Benzodiazepine derivatives are most widely used as sleeping pills. Recipe for hedgehogs in the oven. Recipe for cooking hedgehogs in the oven. . Unlike barbiturates, they disrupt the normal structure of sleep to a lesser extent, are much less dangerous in relation to the formation of addiction, and do not cause pronounced side effects.

Zopiclone and zolpidem are representatives of new classes of chemical compounds. Zolpidem selectively interacts with benzodiazepine ω receptors, which facilitates GABAergic transmission. Zopiclone binds directly to the chloride ionophore regulated by GABA. An increase in the flow of chloride ions into the cell causes hyperpolarization of the membrane and, accordingly, strong inhibition of the neuron. Pax Forte can be bought online in Moscow here. . Unlike benzodiazepines, new drugs bind only to central benzodiazepine receptors and have no affinity for peripheral ones. Zopiclone, unlike benzodiazepines, does not affect the duration of the paradoxical phase of sleep, which is necessary for the restoration of mental functions, memory, and learning ability, and somewhat lengthens the slow-wave phase, which is important for physical recovery. Zolpidem increases the duration of slow-wave sleep to a lesser extent, but more often, especially with long-term use, prolongs the paradoxical phase of sleep.

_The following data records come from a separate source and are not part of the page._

lemma reg_embedding_first_points:
  "reg_embedding f 4 = 4 + 2 * index (f \<otimes> elem 0)"
  "reg_embedding f 5 = 5 + 2 * index (f \<otimes> elem 0)"
  using reg_perm_point[OF order_pos] by simp_all

lemma inj_on_reg_embedding: "inj_on reg_embedding (carrier F)"
proof (rule inj_onI)
  fix f g assume f: "f \<in> carrier F" and g: "g \<in> carrier F" and eq: "reg_embedding f = reg_embedding g"
  have "index (f \<otimes> elem 0) = index (g \<otimes> elem 0)"
    using reg_embedding_first_points(1)[of f] reg_embedding_first_points(1)[of g] eq by simp
  then have "f \<otimes> elem 0 = g \<otimes> elem 0"
    using f g order_pos by (metis elem_closed elem_index m_closed)
  then show "f = g" using f g order_pos elem_closed by simp
qed

definition alt5_conjugates :: "(nat \<Rightarrow> nat) set" where
  "alt5_conjugates =
    (\<Union>f \<in> carrier F. (\<lambda>\<sigma>. reg_embedding f \<otimes>\<^bsub>alt_group (2 * n + 3)\<^esub> \<sigma>
        \<otimes>\<^bsub>alt_group (2 * n + 3)\<^esub> inv\<^bsub>alt_group (2 * n + 3)\<^esub> (reg_embedding f))
      ` carrier (alt_group 5))"

lemma alt5_conjugates_subset: "alt5_conjugates \<subseteq> carrier (alt_group (2 * n + 3))"
proof -
  interpret A: group "alt_group (2 * n + 3)" by (rule alt_group_is_group)
  have "carrier (alt_group 5) \<subseteq> carrier (alt_group (2 * n + 3))"
    using order_pos by (intro alt_group_carrier_mono) simp
  then show ?thesis
    unfolding alt5_conjugates_def using reg_embedding_in_alt_group by blast
qed
(* Let $a,b,c\in\mathbb{R}$ and let $(u(\tau),v(\tau),w(\tau))$ be a solution, with $u,v,w$ pairwise distinct, of $$u'=\frac{c}{u-v}+\frac{b}{u-w},\quad v'=\frac{a}{v-w}+\frac{c}{v-u},\quad w'=\frac{b}{w-u}+\frac{a}{w-v}.$$ Set $\zeta=\frac{1}{\sqrt3}(u+v+w)$, $\eta=\frac{1}{\sqrt2}(u-v)$, $\xi=\frac1{\sqrt6}(u+v-2w)$. Then $\zeta$ is constant along the solution and $$\eta'=\frac{c}{\eta}+\frac{b}{\sqrt3\,\xi+\eta}-\frac{a}{\sqrt3\,\xi-\eta},\qquad \xi'=\sqrt3\Big(\frac{b}{\sqrt3\,\xi+\eta}+\frac{a}{\sqrt3\,\xi-\eta}\Big).$$ Moreover this planar system is a gradient system: $(\eta',\xi')=(\partial_\eta \tilde F,\partial_\xi \tilde F)$ with $\tilde F(\eta,\xi)=c\ln|\eta|+b\ln|\sqrt3\,\xi+\eta|+a\ln|\sqrt3\,\xi-\eta|$.
   Context: Prime denotes derivative with respect to the (real) time variable $\tau$. *)

theory Defs
  imports "HOL-Analysis.Analysis"
begin

definition Ftilde :: "real \<Rightarrow> real \<Rightarrow> real \<Rightarrow> real \<Rightarrow> real \<Rightarrow> real" where
  "Ftilde a b c e x = c * ln \<bar>e\<bar> + b * ln \<bar>sqrt 3 * x + e\<bar> + a * ln \<bar>sqrt 3 * x - e\<bar>"

end

theory Submission
  imports Defs
begin

text \<open>The pairwise interaction terms of \<open>u' + v' + w'\<close> cancel, so \<open>\<zeta>\<close> is constant. Since
  \<open>\<surd>3 \<xi> + \<eta> = \<surd>2 (u - w)\<close> and \<open>\<surd>3 \<xi> - \<eta> = \<surd>2 (v - w)\<close>, the linear combinations
  \<open>\<eta>'\<close> and \<open>\<xi>'\<close> of \<open>u', v', w'\<close> become the stated planar field, which is the gradient of
  \<open>F\<close> because \<open>(ln \<bar>y\<bar>)' = 1 / y\<close>.\<close>

lemma divide_diff_swap: "x / (q - p) = - (x / (p - q))" for x p q :: real
  by (metis minus_diff_eq divide_minus_right)

lemma calogero_velocity_sum_zero:
  fixes a b c u v w :: real
  shows "(c / (u - v) + b / (u - w)) + (a / (v - w) + c / (v - u)) + (b / (w - u) + a / (w - v)) = 0"
  by (simp add: divide_diff_swap[of c v u] divide_diff_swap[of b w u] divide_diff_swap[of a w v])

lemma jacobi_coordinates_combinations:
  fixes u v w :: real
  shows "sqrt 3 * ((u + v - 2 * w) / sqrt 6) + (u - v) / sqrt 2 = sqrt 2 * (u - w)"
    and "sqrt 3 * ((u + v - 2 * w) / sqrt 6) - (u - v) / sqrt 2 = sqrt 2 * (v - w)"
proof -
  have "sqrt 6 = sqrt 2 * sqrt 3" by (simp add: real_sqrt_mult[symmetric])
  then have "sqrt 3 * ((u + v - 2 * w) / sqrt 6) = (u + v - 2 * w) / sqrt 2" by simp
  moreover have "2 / sqrt 2 = sqrt 2" by (simp add: divide_eq_eq)
  ultimately show "sqrt 3 * ((u + v - 2 * w) / sqrt 6) + (u - v) / sqrt 2 = sqrt 2 * (u - w)"
    and "sqrt 3 * ((u + v - 2 * w) / sqrt 6) - (u - v) / sqrt 2 = sqrt 2 * (v - w)"
    by (simp_all add: diff_divide_distrib add_divide_distrib) (simp_all add: field_simps)
qed

text \<open>The two velocity identities need no distinctness hypothesis: where a denominator vanishes,
  both sides degenerate in the same way under \<open>x / 0 = 0\<close>.\<close>

lemma calogero_eta_velocity:
  fixes a b c u v w :: real
  shows "((c / (u - v) + b / (u - w)) - (a / (v - w) + c / (v - u))) / sqrt 2
    = c / ((u - v) / sqrt 2) + b / (sqrt 2 * (u - w)) - a / (sqrt 2 * (v - w))"
proof -
  have "c / ((u - v) / sqrt 2) = 2 * c / (u - v) / sqrt 2"
    by (simp add: divide_simps)
  then show ?thesis
    by (simp add: divide_diff_swap[of c v u] add_divide_distrib diff_divide_distrib mult.commute)
qed

lemma calogero_xi_velocity:
  fixes a b c u v w :: real
  shows "((c / (u - v) + b / (u - w)) + (a / (v - w) + c / (v - u)) - 2 * (b / (w - u) + a / (w - v))) / sqrt 6
    = sqrt 3 * (b / (sqrt 2 * (u - w)) + a / (sqrt 2 * (v - w)))"
proof -
  have "sqrt 6 = sqrt 2 * sqrt 3" by (simp add: real_sqrt_mult[symmetric])
  then have "((c / (u - v) + b / (u - w)) + (a / (v - w) + c / (v - u)) - 2 * (b / (w - u) + a / (w - v))) / sqrt 6
      = 3 * (b / (u - w) + a / (v - w)) / (sqrt 2 * sqrt 3)"
    by (simp add: divide_diff_swap[of c v u] divide_diff_swap[of b w u] divide_diff_swap[of a w v])
  also have "\<dots> = sqrt 3 * ((b / (u - w) + a / (v - w)) / sqrt 2)"
    by (simp add: divide_simps)
  also have "\<dots> = sqrt 3 * (b / (sqrt 2 * (u - w)) + a / (sqrt 2 * (v - w)))"
    by (simp add: add_divide_distrib mult.commute)
  finally show ?thesis .
qed

lemma has_real_derivative_ln_abs:
  fixes x :: real
  assumes "x \<noteq> 0"
  shows "((\<lambda>y. ln \<bar>y\<bar>) has_real_derivative 1 / x) (at x)"
proof -
  have ln_abs_eq: "ln \<bar>y\<bar> = ln (y\<^sup>2) / 2" for y :: real
    using ln_realpow[of "\<bar>y\<bar>" 2] by (cases "y = 0") simp_all
  have "((\<lambda>y. ln (y\<^sup>2) / 2) has_real_derivative (1 / x\<^sup>2) * (2 * x) / 2) (at x)"
    using assms by (auto intro!: derivative_eq_intros)
  then show ?thesis
    using assms by (simp add: ln_abs_eq power2_eq_square)
qed

lemma has_real_derivative_ln_abs_comp:
  fixes f :: "real \<Rightarrow> real"
  assumes "(f has_real_derivative f') (at x)" and "f x \<noteq> 0" and "D = f' / f x"
  shows "((\<lambda>y. ln \<bar>f y\<bar>) has_real_derivative D) (at x)"
  using DERIV_chain2[OF has_real_derivative_ln_abs[OF assms(2)] assms(1)] assms(3) by simp

lemma Ftilde_has_derivative_eta:
  assumes "e \<noteq> 0" "sqrt 3 * x + e \<noteq> 0" "sqrt 3 * x - e \<noteq> 0"
  shows "((\<lambda>e. Ftilde a b c e x) has_real_derivative
    c / e + b / (sqrt 3 * x + e) - a / (sqrt 3 * x - e)) (at e)"
  unfolding Ftilde_def using assms
  by (auto intro!: derivative_eq_intros has_real_derivative_ln_abs_comp)

lemma Ftilde_has_derivative_xi:
  assumes "sqrt 3 * x + e \<noteq> 0" "sqrt 3 * x - e \<noteq> 0"
  shows "((\<lambda>x. Ftilde a b c e x) has_real_derivative
    sqrt 3 * (b / (sqrt 3 * x + e) + a / (sqrt 3 * x - e))) (at x)"
  unfolding Ftilde_def using assms
  by (auto intro!: derivative_eq_intros has_real_derivative_ln_abs_comp simp: algebra_simps)

theorem mainTheorem4:
  fixes a b c :: real and u v w :: "real \<Rightarrow> real" and I :: "real set"
  assumes I: "open I" "is_interval I"
    and distinct: "\<And>t. t \<in> I \<Longrightarrow> u t \<noteq> v t \<and> v t \<noteq> w t \<and> u t \<noteq> w t"
    and du: "\<And>t. t \<in> I \<Longrightarrow> (u has_real_derivative (c / (u t - v t) + b / (u t - w t))) (at t)"
    and dv: "\<And>t. t \<in> I \<Longrightarrow> (v has_real_derivative (a / (v t - w t) + c / (v t - u t))) (at t)"
    and dw: "\<And>t. t \<in> I \<Longrightarrow> (w has_real_derivative (b / (w t - u t) + a / (w t - v t))) (at t)"
  defines "\<zeta> \<equiv> (\<lambda>t. (u t + v t + w t) / sqrt 3)"
    and "\<eta> \<equiv> (\<lambda>t. (u t - v t) / sqrt 2)"
    and "\<xi> \<equiv> (\<lambda>t. (u t + v t - 2 * w t) / sqrt 6)"
  shows "(\<forall>s\<in>I. \<forall>t\<in>I. \<zeta> s = \<zeta> t)
    \<and> (\<forall>t\<in>I.
         (\<eta> has_real_derivative
            (c / \<eta> t + b / (sqrt 3 * \<xi> t + \<eta> t) - a / (sqrt 3 * \<xi> t - \<eta> t))) (at t)
       \<and> (\<xi> has_real_derivative
            (sqrt 3 * (b / (sqrt 3 * \<xi> t + \<eta> t) + a / (sqrt 3 * \<xi> t - \<eta> t)))) (at t))
    \<and> (\<forall>t\<in>I.
         ((\<lambda>e. Ftilde a b c e (\<xi> t)) has_real_derivative
            (c / \<eta> t + b / (sqrt 3 * \<xi> t + \<eta> t) - a / (sqrt 3 * \<xi> t - \<eta> t))) (at (\<eta> t))
       \<and> ((\<lambda>x. Ftilde a b c (\<eta> t) x) has_real_derivative
            (sqrt 3 * (b / (sqrt 3 * \<xi> t + \<eta> t) + a / (sqrt 3 * \<xi> t - \<eta> t)))) (at (\<xi> t)))"
proof -
  have combinations: "sqrt 3 * \<xi> t + \<eta> t = sqrt 2 * (u t - w t)"
    "sqrt 3 * \<xi> t - \<eta> t = sqrt 2 * (v t - w t)" for t
    unfolding \<xi>_def \<eta>_def by (fact jacobi_coordinates_combinations)+
  have "\<exists>k. \<forall>t\<in>I. \<zeta> t = k"
  proof (rule has_field_derivative_zero_constant)
    show "convex I" using I(2) by (simp add: is_interval_convex)
    fix t assume t: "t \<in> I"
    show "(\<zeta> has_real_derivative 0) (at t within I)"
      using DERIV_cdivide[OF DERIV_add[OF DERIV_add[OF du[OF t] dv[OF t]] dw[OF t]], of "sqrt 3"]
      unfolding \<zeta>_def calogero_velocity_sum_zero by (simp add: has_field_derivative_at_within)
  qed
  moreover have "(\<eta> has_real_derivative
      (c / \<eta> t + b / (sqrt 3 * \<xi> t + \<eta> t) - a / (sqrt 3 * \<xi> t - \<eta> t))) (at t)"
    if t: "t \<in> I" for t
    using DERIV_cdivide[OF DERIV_diff[OF du[OF t] dv[OF t]], of "sqrt 2"]
    unfolding combinations unfolding \<eta>_def calogero_eta_velocity .
  moreover have "(\<xi> has_real_derivative
      (sqrt 3 * (b / (sqrt 3 * \<xi> t + \<eta> t) + a / (sqrt 3 * \<xi> t - \<eta> t)))) (at t)"
    if t: "t \<in> I" for t
    using DERIV_cdivide[OF DERIV_diff[OF DERIV_add[OF du[OF t] dv[OF t]] DERIV_cmult[OF dw[OF t], of 2]], of "sqrt 6"]
    unfolding combinations unfolding \<xi>_def calogero_xi_velocity .
  moreover have "\<eta> t \<noteq> 0" "sqrt 3 * \<xi> t + \<eta> t \<noteq> 0" "sqrt 3 * \<xi> t - \<eta> t \<noteq> 0"
    if "t \<in> I" for t
    using distinct[OF that] unfolding combinations unfolding \<eta>_def by auto
  ultimately show ?thesis
    by (metis Ftilde_has_derivative_eta Ftilde_has_derivative_xi)
qed

end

Like barbiturates, meprobamate also inhibits the paradoxical phase of sleep, causing dependence to develop.

Clomethiazole and chloral hydrate have a very rapid hypnotic effect and practically do not disturb the sleep structure, but clomethiazole is classified as a drug with a pronounced ability to cause drug dependence.

Bromoureids have been rarely used in recent years. They are rapidly absorbed, but have an extremely slow metabolism, which often causes the development of accumulation and bromism (skin inflammatory diseases, conjunctivitis, ataxia, purpura, agranulocytosis, thrombocytopenia, depression or delirium).

Some antihistamines are still often used as sleeping pills: diphenhydramine, hydroxyzine, doxylamine, promethazine. They cause inhibition of the paradoxical phase of sleep, strong aftereffects (headaches, drowsiness in the morning) and have anticholinergic properties. The most important advantage of antihistamines is the absence of dependence, even with long-term use.

In general psychiatry for psychotic conditions, sedative neuroleptics or sedative antidepressants are used to correct sleep disorders, depending on the leading syndrome.